SYRIA has blocked a new visit by International Atomic Energy Agency experts seeking to follow up on intelligence that Damascus built a secret nuclear programme with the help of North Korea.

Diplomats also said Washington was circulating a note among members of the IAEA board opposing a Syrian push for a seat on the 35-nation board. The board normally works by consensus and a seat held by Damascus could thus hamper any investigation into its alleged nuclear activities.

Syria fears an extensive atomic agency investigation similar to the probe Iran has been subjected to for more than five years.

"Syria's election to the board while under investigation for secretly building an undeclared nuclear reactor not suited for peaceful purposes would make a mockery" of the Nuclear Nonproliferation Treaty, said the note.
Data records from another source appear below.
lemma cut_partition_eq_if_no_surplus_cuts:
  assumes "cuts_between s cuts" and "surplus_cuts s cuts = {}"
  shows "cut_partition cuts = cut_partition (\<lambda>r. dyadic_points (Suc s) (cycle_length r))"
  unfolding cut_partition_def
proof (rule fibres_cong)
  fix x assume "x \<in> V"
  then have "cuts (rep x) = dyadic_points (Suc s) (cycle_length (rep x))"
    using assms cuts_between_dyadic[OF assms(1) rep_in_V] unfolding surplus_cuts_def by blast
  then show "part_label cuts x = part_label (\<lambda>r. dyadic_points (Suc s) (cycle_length r)) x"
    unfolding part_label_def by simp
qed

lemma
  assumes "cuts_between s cuts" and "(r, c) \<in> surplus_cuts s cuts"
  shows cuts_between_remove_surplus_cut: "cuts_between s (cuts(r := cuts r - {c}))"
    and surplus_cuts_remove: "surplus_cuts s (cuts(r := cuts r - {c})) = surplus_cuts s cuts - {(r, c)}"
    and bounded_merge_remove_surplus_cut:
      "bounded_merge E (4 * D) (cut_partition cuts) (cut_partition (cuts(r := cuts r - {c})))"
proof -
  have r: "r \<in> rep ` V" and c: "c \<in> cuts r" "c \<notin> dyadic_points (Suc s) (cycle_length r)"
    using assms(2) unfolding surplus_cuts_def by auto
  show "cuts_between s (cuts(r := cuts r - {c}))"
    using assms(1) c(2) unfolding cuts_between_def by auto
  show "surplus_cuts s (cuts(r := cuts r - {c})) = surplus_cuts s cuts - {(r, c)}"
    unfolding surplus_cuts_def by (auto split: if_splits)
  have "0 < cycle_length r"
    using cycle_length_pos r rep_in_V by blast
  then have "c \<noteq> 0"
    using c(2) unfolding dyadic_points_def by (cases c) auto
  then show "bounded_merge E (4 * D) (cut_partition cuts) (cut_partition (cuts(r := cuts r - {c})))"
    unfolding bounded_merge_def
    using merge_step_remove_cut[OF assms(1) r c(1)] adjacency_bounded_cut_partition assms(1)
      \<open>cuts_between s (cuts(r := cuts r - {c}))\<close> by blast
qed
definition subspace_preserving ::
  "nat \<Rightarrow> (nat \<Rightarrow> 'a::euclidean_space set) \<Rightarrow> nat \<Rightarrow> (nat \<Rightarrow> 'a) \<Rightarrow> 'a \<Rightarrow> (nat \<Rightarrow> real) \<Rightarrow> bool" where
  "subspace_preserving n S N x y c \<longleftrightarrow>
     (\<forall>i\<in>{1..N}. c i \<noteq> 0 \<longrightarrow> (\<exists>l\<in>{1..n}. x i \<in> S l \<and> y \<in> S l))"

definition ffs_run ::
  "nat \<Rightarrow> (nat \<Rightarrow> 'a::euclidean_space) \<Rightarrow> nat \<Rightarrow> (nat \<Rightarrow> 'a set) \<Rightarrow> bool" where
  "ffs_run N x k X0 \<longleftrightarrow>
     (\<exists>j0\<in>{1..N}. X0 1 = {x j0}) \<and>
     (\<forall>i\<in>{1..k-1}. \<exists>j\<in>{1..N}. X0 (i+1) = X0 i \<union> {x j} \<and>
        (\<forall>j'\<in>{1..N}. f_inf N x (x j') (X0 i) \<le> f_inf N x (x j) (X0 i)))"

end

theory Submission
  imports Defs
begin

text \<open>As long as the chosen points do not span all data, some data point has
  \<open>f_inf = \<infinity>\<close>, so the arg max lies outside their span and every step of farthest first
  search raises the dimension by one. After \<open>k \<ge> \<Sum>l. dim (S l)\<close> steps the chosen points
  therefore span every \<open>S l\<close>, and independence of the subspaces forces them to contain
  \<open>dim (S l)\<close> independent points of each \<open>S l\<close>. For subspace preservation, split an
  optimal \<open>c\<close> for \<open>x j \<in> S m\<close> into its part on \<open>S m\<close> and the rest: the rest sums to a
  vector in \<open>S m \<inter> span (\<Union>l\<noteq>m. S l) = {0}\<close>, so dropping it gives a feasible vector
  of strictly smaller \<open>\<ell>\<^sub>1\<close> norm unless it is already zero.\<close>

lemma dim_Un_le: "dim (A \<union> B) \<le> dim A + dim (B :: 'a::euclidean_space set)"
proof -
  have "dim (A \<union> B) = dim {a + b |a b. a \<in> span A \<and> b \<in> span B}"
    by (simp flip: span_Un)
  also have "\<dots> \<le> dim (span A) + dim (span B)"
    using dim_sums_Int[of "span A" "span B"] by simp
  finally show ?thesis by simp
qed

lemma dim_UN_le:
  fixes A :: "'i \<Rightarrow> 'a::euclidean_space set"
  assumes "finite L"
  shows "dim (\<Union>l\<in>L. A l) \<le> (\<Sum>l\<in>L. dim (A l))"
  using assms
proof (induction L rule: finite_induct)
  case (insert a L)
  have "dim (\<Union>l\<in>insert a L. A l) \<le> dim (A a) + dim (\<Union>l\<in>L. A l)"
    using dim_Un_le[of "A a"] by simp
  with insert show ?case by simp
qed simp

lemma independent_subspaces_Int_span_others:
  fixes S :: "'i \<Rightarrow> 'a::euclidean_space set"
  assumes "finite L" "m \<in> L" "\<forall>l\<in>L. subspace (S l)"
    and indep: "(\<Sum>l\<in>L. dim (S l)) = dim (span (\<Union>l\<in>L. S l))"
  shows "S m \<inter> span (\<Union>l\<in>L - {m}. S l) \<subseteq> {0}"
proof -
  let ?R = "span (\<Union>l\<in>L - {m}. S l)"
  have Sm: "subspace (S m)" using assms(2,3) by blast
  have "(\<Union>l\<in>L. S l) = S m \<union> (\<Union>l\<in>L - {m}. S l)" using assms(2) by blast
  then have "span (\<Union>l\<in>L. S l) = {a + b |a b. a \<in> S m \<and> b \<in> ?R}"
    by (simp only: span_Un span_eq_iff[THEN iffD2, OF Sm])
  then have "dim (span (\<Union>l\<in>L. S l)) + dim (S m \<inter> ?R) = dim (S m) + dim ?R"
    using dim_sums_Int[OF Sm subspace_span] by simp
  moreover have "dim ?R \<le> (\<Sum>l\<in>L - {m}. dim (S l))"
    using dim_UN_le[of "L - {m}" S] assms(1) by simp
  moreover have "(\<Sum>l\<in>L. dim (S l)) = dim (S m) + (\<Sum>l\<in>L - {m}. dim (S l))"
    using sum.remove[OF assms(1,2)] by simp
  ultimately have "dim (S m \<inter> ?R) = 0" using indep by linarith
  then show ?thesis by simp
qed

lemma independent_subspaces_dim_Int:
  fixes S :: "'i \<Rightarrow> 'a::euclidean_space set"
  assumes "finite L" "m \<in> L"
    and indep: "(\<Sum>l\<in>L. dim (S l)) = dim (span (\<Union>l\<in>L. S l))"
    and "X \<subseteq> (\<Union>l\<in>L. S l)" "(\<Union>l\<in>L. S l) \<subseteq> span X"
  shows "dim (X \<inter> S m) = dim (S m)"
proof (rule sum_mono_inv[OF _ _ assms(2,1)])
  show le: "dim (X \<inter> S l) \<le> dim (S l)" for l by (simp add: dim_subset)
  have "(\<Sum>l\<in>L. dim (S l)) \<le> dim X"
    using indep dim_mono[OF assms(5)] by simp
  also have "\<dots> \<le> dim (\<Union>l\<in>L. X \<inter> S l)" using assms(4) by (intro dim_subset) blast
  also have "\<dots> \<le> (\<Sum>l\<in>L. dim (X \<inter> S l))" using dim_UN_le[OF assms(1)] .
  finally show "(\<Sum>l\<in>L. dim (X \<inter> S l)) = (\<Sum>l\<in>L. dim (S l))"
    using sum_mono[of L "\<lambda>l. dim (X \<inter> S l)", OF le] by (rule antisym[rotated])
qed

lemma independent_subspaces_Int_contains_basis:
  fixes S :: "'i \<Rightarrow> 'a::euclidean_space set"
  assumes "finite L" "m \<in> L"
    and "(\<Sum>l\<in>L. dim (S l)) = dim (span (\<Union>l\<in>L. S l))"
    and "X \<subseteq> (\<Union>l\<in>L. S l)" "(\<Union>l\<in>L. S l) \<subseteq> span X"
  shows "\<exists>T. T \<subseteq> X \<inter> S m \<and> finite T \<and> independent T \<and> card T \<ge> dim (S m)"
proof -
  obtain T where T: "T \<subseteq> X \<inter> S m" "independent T" "card T = dim (X \<inter> S m)"
    using basis_exists by metis
  moreover have "finite T" using T(2) by (rule finiteI_independent)
  ultimately show ?thesis
    using independent_subspaces_dim_Int[OF assms] by (intro exI[of _ T]) simp
qed

lemma feasible_coef_imp_in_span:
  assumes "feasible_coef N x y X0 c"
  shows "y \<in> span X0"
proof -
  have "c i *\<^sub>R x i \<in> span X0" if "i \<in> {1..N}" for i
    using assms that unfolding feasible_coef_def
    by (cases "c i = 0") (auto simp: span_zero span_base span_scale)
  then show ?thesis using assms unfolding feasible_coef_def by (auto intro: span_sum)
qed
The diplomats said the US was pushing to encourage Kazakhstan to challenge Damascus for the seat, but the Kazakhs are apparently reluctant to do so, fearing lack of support.

Syria rejected the IAEA request for a visit late last month, the diplomats said. The visit would have been a follow-up to an initial trip by IAEA inspectors in June.

"The Syrians said that a visit at this time was inopportune," a senior diplomat said.

That appeared to leave open the possibility of a later visit. But one of the other diplomats said members of the Syrian mission to the IAEA were spreading the word among other missions that further trips beyond the one in June were unlikely.

If so, that could cripple international efforts to probe US allegations that a site in a remote part of the Syrian desert, which Israel destroyed last year, was a near-finished plutonium-producing reactor built with North Korean help, and that Damascus continues to hide linked facilities.

IAEA experts returned on June 25 from a four-day visit, carrying environmental samples from the Al Kibar site hit by Israel in September. Those are now being evaluated.

They had hoped to use a follow-up visit to put questions to Syrian officials based on the intelligence available to them outlining years of extensive cooperation between the Syrians and teams of visiting North Korean nuclear officials.

North Korea exploded a nuclear device in 2006. However, it agreed to dismantle its weapons programme early last year.